REQUIREMENT
Whenever a line in the entries below contains the string "every", copy that line.

INPUT DATA
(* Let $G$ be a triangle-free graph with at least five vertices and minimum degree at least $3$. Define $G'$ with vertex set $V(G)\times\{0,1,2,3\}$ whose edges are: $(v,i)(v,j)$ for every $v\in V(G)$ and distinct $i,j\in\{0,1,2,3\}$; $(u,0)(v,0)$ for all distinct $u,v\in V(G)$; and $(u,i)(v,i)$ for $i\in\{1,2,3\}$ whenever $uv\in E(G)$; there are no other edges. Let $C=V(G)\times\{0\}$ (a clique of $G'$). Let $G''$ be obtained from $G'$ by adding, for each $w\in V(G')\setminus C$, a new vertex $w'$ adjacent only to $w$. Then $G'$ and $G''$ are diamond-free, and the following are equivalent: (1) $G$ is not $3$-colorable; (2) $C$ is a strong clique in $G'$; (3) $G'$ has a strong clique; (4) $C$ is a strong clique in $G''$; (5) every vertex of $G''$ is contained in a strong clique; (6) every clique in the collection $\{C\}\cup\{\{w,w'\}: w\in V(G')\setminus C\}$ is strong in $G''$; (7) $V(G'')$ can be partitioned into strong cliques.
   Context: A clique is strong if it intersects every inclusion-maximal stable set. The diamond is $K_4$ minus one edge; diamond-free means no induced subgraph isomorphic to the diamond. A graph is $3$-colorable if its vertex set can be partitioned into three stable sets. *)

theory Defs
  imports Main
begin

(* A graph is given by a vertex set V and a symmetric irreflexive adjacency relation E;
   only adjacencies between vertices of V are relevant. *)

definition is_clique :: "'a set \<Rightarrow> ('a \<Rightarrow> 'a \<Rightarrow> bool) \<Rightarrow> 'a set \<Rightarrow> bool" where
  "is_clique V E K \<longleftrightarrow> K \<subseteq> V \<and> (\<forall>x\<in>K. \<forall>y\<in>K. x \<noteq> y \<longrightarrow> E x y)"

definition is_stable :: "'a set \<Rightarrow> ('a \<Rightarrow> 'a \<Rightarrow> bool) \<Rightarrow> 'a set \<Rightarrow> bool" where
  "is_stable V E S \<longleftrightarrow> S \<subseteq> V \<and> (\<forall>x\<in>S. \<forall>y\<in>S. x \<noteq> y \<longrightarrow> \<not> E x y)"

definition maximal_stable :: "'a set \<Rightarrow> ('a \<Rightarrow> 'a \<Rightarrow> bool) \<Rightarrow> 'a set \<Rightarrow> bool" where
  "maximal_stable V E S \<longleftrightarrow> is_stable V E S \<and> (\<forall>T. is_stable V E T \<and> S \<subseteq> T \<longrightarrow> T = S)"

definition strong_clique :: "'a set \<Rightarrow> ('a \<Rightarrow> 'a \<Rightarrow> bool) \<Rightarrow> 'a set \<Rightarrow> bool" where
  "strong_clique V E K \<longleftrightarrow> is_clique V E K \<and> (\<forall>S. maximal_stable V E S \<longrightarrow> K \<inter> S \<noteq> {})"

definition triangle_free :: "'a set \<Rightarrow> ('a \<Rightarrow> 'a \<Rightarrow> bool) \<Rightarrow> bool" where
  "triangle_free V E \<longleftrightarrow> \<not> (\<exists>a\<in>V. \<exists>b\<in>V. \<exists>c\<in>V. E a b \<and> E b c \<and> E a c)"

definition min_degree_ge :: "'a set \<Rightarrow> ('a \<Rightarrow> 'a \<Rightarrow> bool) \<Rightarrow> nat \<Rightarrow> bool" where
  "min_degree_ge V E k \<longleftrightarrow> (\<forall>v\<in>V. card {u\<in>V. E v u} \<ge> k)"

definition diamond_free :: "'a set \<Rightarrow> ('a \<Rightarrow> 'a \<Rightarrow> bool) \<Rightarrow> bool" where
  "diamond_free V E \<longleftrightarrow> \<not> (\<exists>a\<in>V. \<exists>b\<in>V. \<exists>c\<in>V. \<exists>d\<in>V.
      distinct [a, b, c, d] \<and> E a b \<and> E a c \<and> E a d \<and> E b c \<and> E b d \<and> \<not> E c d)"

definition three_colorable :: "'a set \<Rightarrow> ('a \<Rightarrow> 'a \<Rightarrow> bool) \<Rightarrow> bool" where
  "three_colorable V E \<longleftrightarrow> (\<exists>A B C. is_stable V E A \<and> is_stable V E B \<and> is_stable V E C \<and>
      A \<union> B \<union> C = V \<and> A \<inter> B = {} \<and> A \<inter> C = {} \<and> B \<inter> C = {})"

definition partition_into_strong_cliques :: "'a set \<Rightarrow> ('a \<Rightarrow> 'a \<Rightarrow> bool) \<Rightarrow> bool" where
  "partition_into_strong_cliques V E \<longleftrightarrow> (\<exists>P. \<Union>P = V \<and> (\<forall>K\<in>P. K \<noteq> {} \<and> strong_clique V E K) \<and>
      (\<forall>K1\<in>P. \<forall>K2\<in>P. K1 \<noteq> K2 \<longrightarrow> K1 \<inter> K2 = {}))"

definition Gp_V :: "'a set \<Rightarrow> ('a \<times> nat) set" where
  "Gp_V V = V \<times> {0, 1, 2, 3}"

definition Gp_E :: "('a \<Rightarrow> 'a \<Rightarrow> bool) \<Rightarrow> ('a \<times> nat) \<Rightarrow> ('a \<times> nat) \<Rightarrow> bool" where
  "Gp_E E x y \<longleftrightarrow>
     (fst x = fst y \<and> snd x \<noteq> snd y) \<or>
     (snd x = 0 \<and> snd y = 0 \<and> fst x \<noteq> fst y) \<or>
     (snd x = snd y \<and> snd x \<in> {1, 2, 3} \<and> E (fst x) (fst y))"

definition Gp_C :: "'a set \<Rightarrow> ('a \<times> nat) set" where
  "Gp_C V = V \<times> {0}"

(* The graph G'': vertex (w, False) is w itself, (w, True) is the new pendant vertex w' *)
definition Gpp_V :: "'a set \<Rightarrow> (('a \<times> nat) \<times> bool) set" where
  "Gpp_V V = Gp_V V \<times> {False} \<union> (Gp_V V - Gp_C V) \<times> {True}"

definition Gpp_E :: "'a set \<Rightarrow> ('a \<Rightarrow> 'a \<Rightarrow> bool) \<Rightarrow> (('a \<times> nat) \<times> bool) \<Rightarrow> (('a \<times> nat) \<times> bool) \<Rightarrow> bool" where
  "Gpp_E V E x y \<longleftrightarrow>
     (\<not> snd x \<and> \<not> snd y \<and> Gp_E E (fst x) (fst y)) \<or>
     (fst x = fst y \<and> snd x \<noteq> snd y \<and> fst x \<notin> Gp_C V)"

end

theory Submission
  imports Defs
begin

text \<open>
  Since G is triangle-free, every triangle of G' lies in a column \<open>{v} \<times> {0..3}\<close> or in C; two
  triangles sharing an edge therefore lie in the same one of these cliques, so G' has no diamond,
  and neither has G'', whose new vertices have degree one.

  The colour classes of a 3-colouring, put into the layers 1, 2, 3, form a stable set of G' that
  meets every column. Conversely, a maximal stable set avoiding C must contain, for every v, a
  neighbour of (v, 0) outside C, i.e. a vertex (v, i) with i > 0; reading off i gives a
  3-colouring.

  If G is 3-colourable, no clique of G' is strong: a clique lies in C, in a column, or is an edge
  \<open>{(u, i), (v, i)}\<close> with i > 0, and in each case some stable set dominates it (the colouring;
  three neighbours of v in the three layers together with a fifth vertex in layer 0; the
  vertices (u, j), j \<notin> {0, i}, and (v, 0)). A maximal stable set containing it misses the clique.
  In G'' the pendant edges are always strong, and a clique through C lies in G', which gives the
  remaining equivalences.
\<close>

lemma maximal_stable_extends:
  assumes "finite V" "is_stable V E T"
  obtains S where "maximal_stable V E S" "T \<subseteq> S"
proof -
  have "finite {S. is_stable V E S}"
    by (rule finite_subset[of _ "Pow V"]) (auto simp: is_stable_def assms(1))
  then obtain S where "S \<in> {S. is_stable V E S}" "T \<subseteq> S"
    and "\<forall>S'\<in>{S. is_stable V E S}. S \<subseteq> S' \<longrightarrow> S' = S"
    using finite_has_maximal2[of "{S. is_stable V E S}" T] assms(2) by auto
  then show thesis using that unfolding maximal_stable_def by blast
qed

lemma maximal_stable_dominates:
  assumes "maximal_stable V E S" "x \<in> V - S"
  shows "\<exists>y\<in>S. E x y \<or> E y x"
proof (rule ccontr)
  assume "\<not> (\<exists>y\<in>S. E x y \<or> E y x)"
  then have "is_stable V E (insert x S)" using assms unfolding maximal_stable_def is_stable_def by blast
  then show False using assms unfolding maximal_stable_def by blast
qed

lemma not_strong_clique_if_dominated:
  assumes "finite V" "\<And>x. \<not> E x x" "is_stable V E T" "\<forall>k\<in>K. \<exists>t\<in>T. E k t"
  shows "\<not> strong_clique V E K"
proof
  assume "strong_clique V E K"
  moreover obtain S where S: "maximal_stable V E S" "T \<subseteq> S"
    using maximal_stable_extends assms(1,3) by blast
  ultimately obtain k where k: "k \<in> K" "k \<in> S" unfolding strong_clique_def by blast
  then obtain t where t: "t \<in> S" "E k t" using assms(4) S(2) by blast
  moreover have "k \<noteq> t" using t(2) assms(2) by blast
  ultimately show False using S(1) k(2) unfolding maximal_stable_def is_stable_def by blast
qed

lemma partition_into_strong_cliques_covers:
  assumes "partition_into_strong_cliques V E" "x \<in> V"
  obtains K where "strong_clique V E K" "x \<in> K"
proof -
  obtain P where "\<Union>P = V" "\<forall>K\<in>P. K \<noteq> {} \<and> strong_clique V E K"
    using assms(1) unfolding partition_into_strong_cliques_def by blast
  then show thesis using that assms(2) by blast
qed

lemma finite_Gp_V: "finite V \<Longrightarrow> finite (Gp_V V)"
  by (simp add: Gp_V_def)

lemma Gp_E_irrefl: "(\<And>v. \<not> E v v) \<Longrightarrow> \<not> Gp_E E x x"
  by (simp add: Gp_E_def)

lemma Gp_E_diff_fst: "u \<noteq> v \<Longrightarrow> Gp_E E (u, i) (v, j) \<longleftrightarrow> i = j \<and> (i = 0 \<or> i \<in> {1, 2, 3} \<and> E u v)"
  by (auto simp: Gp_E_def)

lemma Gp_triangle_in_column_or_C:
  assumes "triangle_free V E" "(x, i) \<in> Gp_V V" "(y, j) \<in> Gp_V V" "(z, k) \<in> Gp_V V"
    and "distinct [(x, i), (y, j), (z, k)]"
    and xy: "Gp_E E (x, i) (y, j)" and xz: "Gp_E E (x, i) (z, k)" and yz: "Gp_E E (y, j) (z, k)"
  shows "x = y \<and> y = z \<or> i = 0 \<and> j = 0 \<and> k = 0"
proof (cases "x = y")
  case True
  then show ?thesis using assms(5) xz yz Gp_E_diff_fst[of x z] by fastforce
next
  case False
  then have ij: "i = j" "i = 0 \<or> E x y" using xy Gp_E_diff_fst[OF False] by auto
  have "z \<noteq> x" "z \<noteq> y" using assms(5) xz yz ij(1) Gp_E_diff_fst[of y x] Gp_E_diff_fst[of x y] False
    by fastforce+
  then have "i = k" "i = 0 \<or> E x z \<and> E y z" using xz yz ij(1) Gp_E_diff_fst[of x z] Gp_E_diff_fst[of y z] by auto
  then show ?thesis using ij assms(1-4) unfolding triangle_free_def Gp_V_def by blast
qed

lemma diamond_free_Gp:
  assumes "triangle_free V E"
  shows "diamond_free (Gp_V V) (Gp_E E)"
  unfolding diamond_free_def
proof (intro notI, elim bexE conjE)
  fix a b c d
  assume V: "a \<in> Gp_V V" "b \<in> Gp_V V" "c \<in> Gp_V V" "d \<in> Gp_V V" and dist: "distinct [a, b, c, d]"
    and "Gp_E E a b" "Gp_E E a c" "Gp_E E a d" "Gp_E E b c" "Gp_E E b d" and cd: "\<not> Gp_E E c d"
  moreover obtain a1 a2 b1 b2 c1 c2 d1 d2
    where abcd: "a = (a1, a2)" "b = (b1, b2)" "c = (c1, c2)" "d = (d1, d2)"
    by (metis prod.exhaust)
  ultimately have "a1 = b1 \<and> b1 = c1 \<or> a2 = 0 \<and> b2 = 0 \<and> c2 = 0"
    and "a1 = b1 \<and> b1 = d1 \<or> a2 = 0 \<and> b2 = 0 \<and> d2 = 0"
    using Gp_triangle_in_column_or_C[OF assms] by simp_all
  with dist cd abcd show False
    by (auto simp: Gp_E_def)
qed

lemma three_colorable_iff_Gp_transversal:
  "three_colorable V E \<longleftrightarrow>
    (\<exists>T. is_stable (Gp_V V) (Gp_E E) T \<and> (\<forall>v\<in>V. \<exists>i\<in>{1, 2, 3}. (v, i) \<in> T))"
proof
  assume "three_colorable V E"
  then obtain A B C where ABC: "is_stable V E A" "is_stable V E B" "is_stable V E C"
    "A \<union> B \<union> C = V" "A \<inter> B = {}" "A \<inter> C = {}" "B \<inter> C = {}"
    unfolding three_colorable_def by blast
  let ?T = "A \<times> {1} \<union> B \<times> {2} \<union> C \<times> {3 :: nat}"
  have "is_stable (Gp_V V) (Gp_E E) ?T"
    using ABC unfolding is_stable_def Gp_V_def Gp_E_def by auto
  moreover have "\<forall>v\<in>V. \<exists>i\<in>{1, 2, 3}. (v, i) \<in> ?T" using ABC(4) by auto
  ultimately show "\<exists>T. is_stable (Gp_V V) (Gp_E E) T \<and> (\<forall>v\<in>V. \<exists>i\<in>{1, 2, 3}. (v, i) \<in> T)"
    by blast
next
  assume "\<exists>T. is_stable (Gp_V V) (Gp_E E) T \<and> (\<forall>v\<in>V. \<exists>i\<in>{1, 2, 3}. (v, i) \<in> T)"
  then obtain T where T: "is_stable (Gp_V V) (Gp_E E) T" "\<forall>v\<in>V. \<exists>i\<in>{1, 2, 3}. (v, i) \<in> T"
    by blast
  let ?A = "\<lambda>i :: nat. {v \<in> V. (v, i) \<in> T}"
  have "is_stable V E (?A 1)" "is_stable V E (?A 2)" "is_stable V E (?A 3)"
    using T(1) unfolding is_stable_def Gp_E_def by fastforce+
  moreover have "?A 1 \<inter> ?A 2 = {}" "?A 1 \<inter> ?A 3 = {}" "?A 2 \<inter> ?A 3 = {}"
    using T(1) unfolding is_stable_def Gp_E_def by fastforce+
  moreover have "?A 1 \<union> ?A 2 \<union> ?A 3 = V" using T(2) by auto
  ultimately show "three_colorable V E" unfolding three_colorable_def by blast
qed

FINISHED EXERCISE
(* Let $G$ be a triangle-free graph with at least five vertices and minimum degree at least $3$. Define $G'$ with vertex set $V(G)\times\{0,1,2,3\}$ whose edges are: $(v,i)(v,j)$ for every $v\in V(G)$ and distinct $i,j\in\{0,1,2,3\}$; $(u,0)(v,0)$ for all distinct $u,v\in V(G)$; and $(u,i)(v,i)$ for $i\in\{1,2,3\}$ whenever $uv\in E(G)$; there are no other edges. Let $C=V(G)\times\{0\}$ (a clique of $G'$). Let $G''$ be obtained from $G'$ by adding, for each $w\in V(G')\setminus C$, a new vertex $w'$ adjacent only to $w$. Then $G'$ and $G''$ are diamond-free, and the following are equivalent: (1) $G$ is not $3$-colorable; (2) $C$ is a strong clique in $G'$; (3) $G'$ has a strong clique; (4) $C$ is a strong clique in $G''$; (5) every vertex of $G''$ is contained in a strong clique; (6) every clique in the collection $\{C\}\cup\{\{w,w'\}: w\in V(G')\setminus C\}$ is strong in $G''$; (7) $V(G'')$ can be partitioned into strong cliques.
   Context: A clique is strong if it intersects every inclusion-maximal stable set. The diamond is $K_4$ minus one edge; diamond-free means no induced subgraph isomorphic to the diamond. A graph is $3$-colorable if its vertex set can be partitioned into three stable sets. *)
  Since G is triangle-free, every triangle of G' lies in a column \<open>{v} \<times> {0..3}\<close> or in C; two
  meets every column. Conversely, a maximal stable set avoiding C must contain, for every v, a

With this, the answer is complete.